Task details :: Return, word for word, only the lines of the data below that lie between the line with "text \<open>The ambient" and the line with "dim_over K U", those two lines included.

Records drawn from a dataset
=-=-=-=-=

(* Let $2^{t-1}<n\le 2^t-4$, $i=2^t-3-n$, $j=n-2^{t-1}+1$, $W_2=\mathbb{F}_2[w_2,w_3]$. Then for all $x,y,z\in W_2$, \[ q_{n-2}x+q_{n-1}y+q_nz=\det\begin{pmatrix} x& r_j& w_3q_{i-1}\\ y& w_3r_{j-2}& q_{i+1}\\ z& r_{j-1}& q_i\end{pmatrix} \] (over $\mathbb{F}_2$). Moreover, the kernel of the $W_2$-linear map $d_1\colon W_2^{\oplus 3}\to W_2$, $(x,y,z)\mapsto q_{n-2}x+q_{n-1}y+q_nz$, is a free graded $W_2$-module of rank $2$ with basis $u=(r_j,\,w_3r_{j-2},\,r_{j-1})^{\mathrm t}$ and $v=(w_3q_{i-1},\,q_{i+1},\,q_i)^{\mathrm t}$.
   Context: $W_2$ is graded by $\deg w_2=2,\deg w_3=3$. $q_0=1$, $q_m=0$ for $m<0$, $q_m=w_2q_{m-2}+w_3q_{m-3}$ for $m\ge1$; $r_0=1$, $r_m=0$ for $m<0$, $r_{m+1}=w_2r_m+w_3^2r_{m-2}$ for $m\ge0$. *)

theory Defs
  imports "HOL-Analysis.Analysis" "HOL-Library.Z2" "HOL-Computational_Algebra.Polynomial"
begin

text \<open>W_2 = F_2[w_2, w_3], modelled as (F_2[w_3])[w_2], i.e. type bit poly poly.
  The outer variable is w_2, the inner (coefficient) variable is w_3.\<close>
type_synonym W2 = "bit poly poly"

definition w2 :: W2 where "w2 = [:0, 1:]"
definition w3 :: W2 where "w3 = [:[:0, 1:]:]"

definition whom :: "int \<Rightarrow> W2 \<Rightarrow> bool" where
  "whom d p \<longleftrightarrow> (\<forall>a b. coeff (coeff p a) b \<noteq> 0 \<longrightarrow> int (2*a + 3*b) = d)"

function q :: "int \<Rightarrow> W2" where
  "q m = (if m < 0 then 0 else if m = 0 then 1 else w2 * q (m - 2) + w3 * q (m - 3))"
  by auto
termination by (relation "Wellfounded.measure (\<lambda>m. nat (m + 1))") auto

function r :: "int \<Rightarrow> W2" where
  "r m = (if m < 0 then 0 else if m = 0 then 1 else w2 * r (m - 1) + w3^2 * r (m - 3))"
  by auto
termination by (relation "Wellfounded.measure (\<lambda>m. nat (m + 1))") auto

declare q.simps [simp del] r.simps [simp del]

definition d1 :: "nat \<Rightarrow> W2 \<Rightarrow> W2 \<Rightarrow> W2 \<Rightarrow> W2" where
  "d1 n x y z = q (int n - 2) * x + q (int n - 1) * y + q (int n) * z"
(* Let $q$ be a prime power, let $n$ be a positive even integer, let $\lambda \in \mathbb{F}_{q^n} \setminus \mathbb{F}_{q^2}$, let $t = [\mathbb{F}_{q^2}(\lambda) : \mathbb{F}_{q^2}]$, let $l$ be an integer with $1 \leq l < \frac{t}{2}$, and let $Y = \langle 1, \lambda, \ldots, \lambda^l \rangle_{\mathbb{F}_{q^2}}$. Let $S$ be the $\mathbb{F}_q$-subspace of $Y$ given by \[ S = \langle 1, \lambda, \ldots, \lambda^{l-1} \rangle_{\mathbb{F}_{q^2}} \oplus \lambda^l \mathbb{F}_q \in \mathcal{G}_q(n, 2l + 1), \] and let $\mathcal{C}=\mathrm{Orb}(S)$. Then the weight distribution of $\mathcal{C}$ satisfies \[ \omega_{2i} = \begin{cases} q, & \text{if } i = 1, \\ q^{4r-1}(q^2 - 1), & \text{if } i = 2r + 1,\ r \in \{1, \ldots, l - 1\}, \\ q^{4r-2}(q+1)^2, & \text{if } i = 2r,\ r \in \{1, \ldots, l\}, \\ \frac{q^n-1}{q-1}-(q+1)-(q+1)q^2\frac{(q^{4l-3}-q)(q-1)+(q+1)(q^{4l}-1)}{q^4-1}, & \text{if } i=2l+1. \end{cases} \]
   Context: $\mathbb{F}_{q^n}$ is viewed as an $n$-dimensional $\mathbb{F}_q$-vector space. $\mathcal{G}_q(n,k)$ denotes the set of all $k$-dimensional $\mathbb{F}_q$-subspaces of $\mathbb{F}_{q^n}$, with subspace distance $d(U,V) = 2k - 2\dim_{\mathbb{F}_q}(U \cap V)$. For an $\mathbb{F}_q$-subspace $S$, $\mathrm{Orb}(S) = \{\alpha S : \alpha \in \mathbb{F}_{q^n}^*\}$ (a one-orbit cyclic subspace code). If $\dim_{\mathbb{F}_q} S = k$, the weight distribution of $\mathcal{C}=\mathrm{Orb}(S)$ is $(\omega_2(\mathcal{C}),\ldots,\omega_{2k}(\mathcal{C}))$ where $\omega_{2i}(\mathcal{C}) = |\{\alpha S \in \mathrm{Orb}(S) : \alpha \in \mathbb{F}_{q^n}^*,\ d(S,\alpha S) = 2i\}|$ (counting distinct subspaces $\alpha S$). *)

theory Defs
  imports "HOL-Computational_Algebra.Primes" Complex_Main
begin

text \<open>The ambient field F_{q^n} is a finite type 'a of class field; subfields
  (such as F_q, F_{q^2}) are subsets closed under the field operations.\<close>

definition subfield_of :: "'a::field set \<Rightarrow> bool" where
  "subfield_of K \<longleftrightarrow> 0 \<in> K \<and> 1 \<in> K \<and>
     (\<forall>x\<in>K. \<forall>y\<in>K. x + y \<in> K \<and> x * y \<in> K) \<and>
     (\<forall>x\<in>K. - x \<in> K) \<and> (\<forall>x\<in>K. x \<noteq> 0 \<longrightarrow> inverse x \<in> K)"

definition span_over :: "'a::field set \<Rightarrow> 'a set \<Rightarrow> 'a set" where
  "span_over K B = {\<Sum>b\<in>B. c b * b | c. \<forall>b\<in>B. c b \<in> K}"

definition dim_over :: "'a::field set \<Rightarrow> 'a set \<Rightarrow> nat" where
  "dim_over K W = (LEAST m. \<exists>B. finite B \<and> card B = m \<and> B \<subseteq> W \<and> span_over K B = W)"

definition adjoin :: "'a::field set \<Rightarrow> 'a \<Rightarrow> 'a set" where
  "adjoin K x = \<Inter>{F. subfield_of F \<and> K \<subseteq> F \<and> x \<in> F}"

text \<open>Subspace distance over K, for subspaces U V of dimension k = dim U.\<close>
definition subspace_dist :: "'a::field set \<Rightarrow> 'a set \<Rightarrow> 'a set \<Rightarrow> nat" where
  "subspace_dist K U V = 2 * dim_over K U - 2 * dim_over K (U \<inter> V)"

definition orb :: "'a::field set \<Rightarrow> 'a set set" where
  "orb S = {(\<lambda>x. a * x) ` S | a. a \<noteq> 0}"

definition weight :: "'a::field set \<Rightarrow> 'a set \<Rightarrow> nat \<Rightarrow> nat" where
  "weight K S i = card {V \<in> orb S. subspace_dist K S V = 2 * i}"

end

(* Write S as the values at lam of the polynomials of degree at most l over F_{q^2} whose
   coefficient of x^l lies in F_q.  Since [F_{q^2}(lam) : F_{q^2}] > 2l, evaluation at lam is
   injective on polynomials of degree at most 2l, so a relation u(lam) = alpha v(lam) between
   such polynomials is the polynomial identity u g = f v, where (f, g) is a pair of minimal
   degree D(alpha) with f(lam) = alpha g(lam); hence (u, v) = (f h, g h).  Consequently
   S /\ alpha S consists of the values (f h)(lam) with deg h <= l - D(alpha) and constrained top
   coefficient, and its dimension is 2 (l - D(alpha)) + eps(alpha), where eps(alpha) records
   whether the leading coefficients of f and g are F_q-proportional.  Counting the pairs of
   polynomials of degree at most k with prescribed leading coefficients once by the ratio
   they realise and once directly gives a triangular system for the number of alpha with
   given D and eps.  Finally the stabiliser of S is F_q^*, so every subspace of the orbit
   arises from exactly q - 1 scalars. *)

theory Submission
  imports Defs "HOL-Computational_Algebra.Polynomial" "HOL-Library.FuncSet"
begin

section \<open>Subfields and subspaces of a finite field\<close>

lemma subfield_zero: "subfield_of K \<Longrightarrow> 0 \<in> K"
  unfolding subfield_of_def by auto

lemma subfield_one: "subfield_of K \<Longrightarrow> 1 \<in> K"
  unfolding subfield_of_def by auto

lemma subfield_add: "subfield_of K \<Longrightarrow> x \<in> K \<Longrightarrow> y \<in> K \<Longrightarrow> x + y \<in> K"
  unfolding subfield_of_def by auto

lemma subfield_mult: "subfield_of K \<Longrightarrow> x \<in> K \<Longrightarrow> y \<in> K \<Longrightarrow> x * y \<in> K"
  unfolding subfield_of_def by auto

lemma subfield_uminus: "subfield_of K \<Longrightarrow> x \<in> K \<Longrightarrow> - x \<in> K"
  unfolding subfield_of_def by auto

lemma subfield_inverse: "subfield_of K \<Longrightarrow> x \<in> K \<Longrightarrow> inverse x \<in> K"
  unfolding subfield_of_def by (cases "x = 0") auto

lemma subfield_diff: "subfield_of K \<Longrightarrow> x \<in> K \<Longrightarrow> y \<in> K \<Longrightarrow> x - y \<in> K"
  by (metis diff_conv_add_uminus subfield_add subfield_uminus)

lemma subfield_divide: "subfield_of K \<Longrightarrow> x \<in> K \<Longrightarrow> y \<in> K \<Longrightarrow> x / y \<in> K"
  by (simp add: divide_inverse subfield_inverse subfield_mult)

lemma subfield_sum: "subfield_of K \<Longrightarrow> (\<And>x. x \<in> A \<Longrightarrow> f x \<in> K) \<Longrightarrow> sum f A \<in> K"
  by (induction A rule: infinite_finite_induct) (auto simp: subfield_zero subfield_add)

lemma card_subfield_ge_2: "subfield_of K \<Longrightarrow> finite K \<Longrightarrow> card K \<ge> 2"
  using card_mono[of K "{0, 1}"] by (simp add: subfield_zero subfield_one)

lemma card_subfield_minus_zero: "subfield_of K \<Longrightarrow> card (K - {0}) = card K - 1"
  by (simp add: subfield_zero)

text \<open>Multiplication by a nonzero element permutes a finite subring, so it hits \<open>1\<close>.\<close>

lemma finite_subring_is_subfield:
  fixes Z :: "'a::{field,finite} set"
  assumes "0 \<in> Z" "1 \<in> Z" "\<And>x y. x \<in> Z \<Longrightarrow> y \<in> Z \<Longrightarrow> x + y \<in> Z"
    "\<And>x y. x \<in> Z \<Longrightarrow> y \<in> Z \<Longrightarrow> x * y \<in> Z" "\<And>x. x \<in> Z \<Longrightarrow> - x \<in> Z"
  shows "subfield_of Z"
  unfolding subfield_of_def
proof (intro conjI ballI impI)
  fix x assume x: "x \<in> Z" "x \<noteq> 0"
  have "(\<lambda>y. x * y) ` Z \<subseteq> Z" using assms(4) x by auto
  moreover have "card ((\<lambda>y. x * y) ` Z) = card Z" by (rule card_image) (use x in \<open>auto intro: inj_onI\<close>)
  ultimately have "(\<lambda>y. x * y) ` Z = Z" by (simp add: card_subset_eq)
  then obtain y where "y \<in> Z" "x * y = 1" using assms(2) by (metis imageE)
  then show "inverse x \<in> Z" by (metis inverse_unique)
qed (use assms in auto)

=-=-=-=-=

Output of the task ::
text \<open>The ambient field F_{q^n} is a finite type 'a of class field; subfields
  (such as F_q, F_{q^2}) are subsets closed under the field operations.\<close>

definition subfield_of :: "'a::field set \<Rightarrow> bool" where
  "subfield_of K \<longleftrightarrow> 0 \<in> K \<and> 1 \<in> K \<and>
     (\<forall>x\<in>K. \<forall>y\<in>K. x + y \<in> K \<and> x * y \<in> K) \<and>
     (\<forall>x\<in>K. - x \<in> K) \<and> (\<forall>x\<in>K. x \<noteq> 0 \<longrightarrow> inverse x \<in> K)"

definition span_over :: "'a::field set \<Rightarrow> 'a set \<Rightarrow> 'a set" where
  "span_over K B = {\<Sum>b\<in>B. c b * b | c. \<forall>b\<in>B. c b \<in> K}"

definition dim_over :: "'a::field set \<Rightarrow> 'a set \<Rightarrow> nat" where
  "dim_over K W = (LEAST m. \<exists>B. finite B \<and> card B = m \<and> B \<subseteq> W \<and> span_over K B = W)"

definition adjoin :: "'a::field set \<Rightarrow> 'a \<Rightarrow> 'a set" where
  "adjoin K x = \<Inter>{F. subfield_of F \<and> K \<subseteq> F \<and> x \<in> F}"

text \<open>Subspace distance over K, for subspaces U V of dimension k = dim U.\<close>
definition subspace_dist :: "'a::field set \<Rightarrow> 'a set \<Rightarrow> 'a set \<Rightarrow> nat" where
  "subspace_dist K U V = 2 * dim_over K U - 2 * dim_over K (U \<inter> V)"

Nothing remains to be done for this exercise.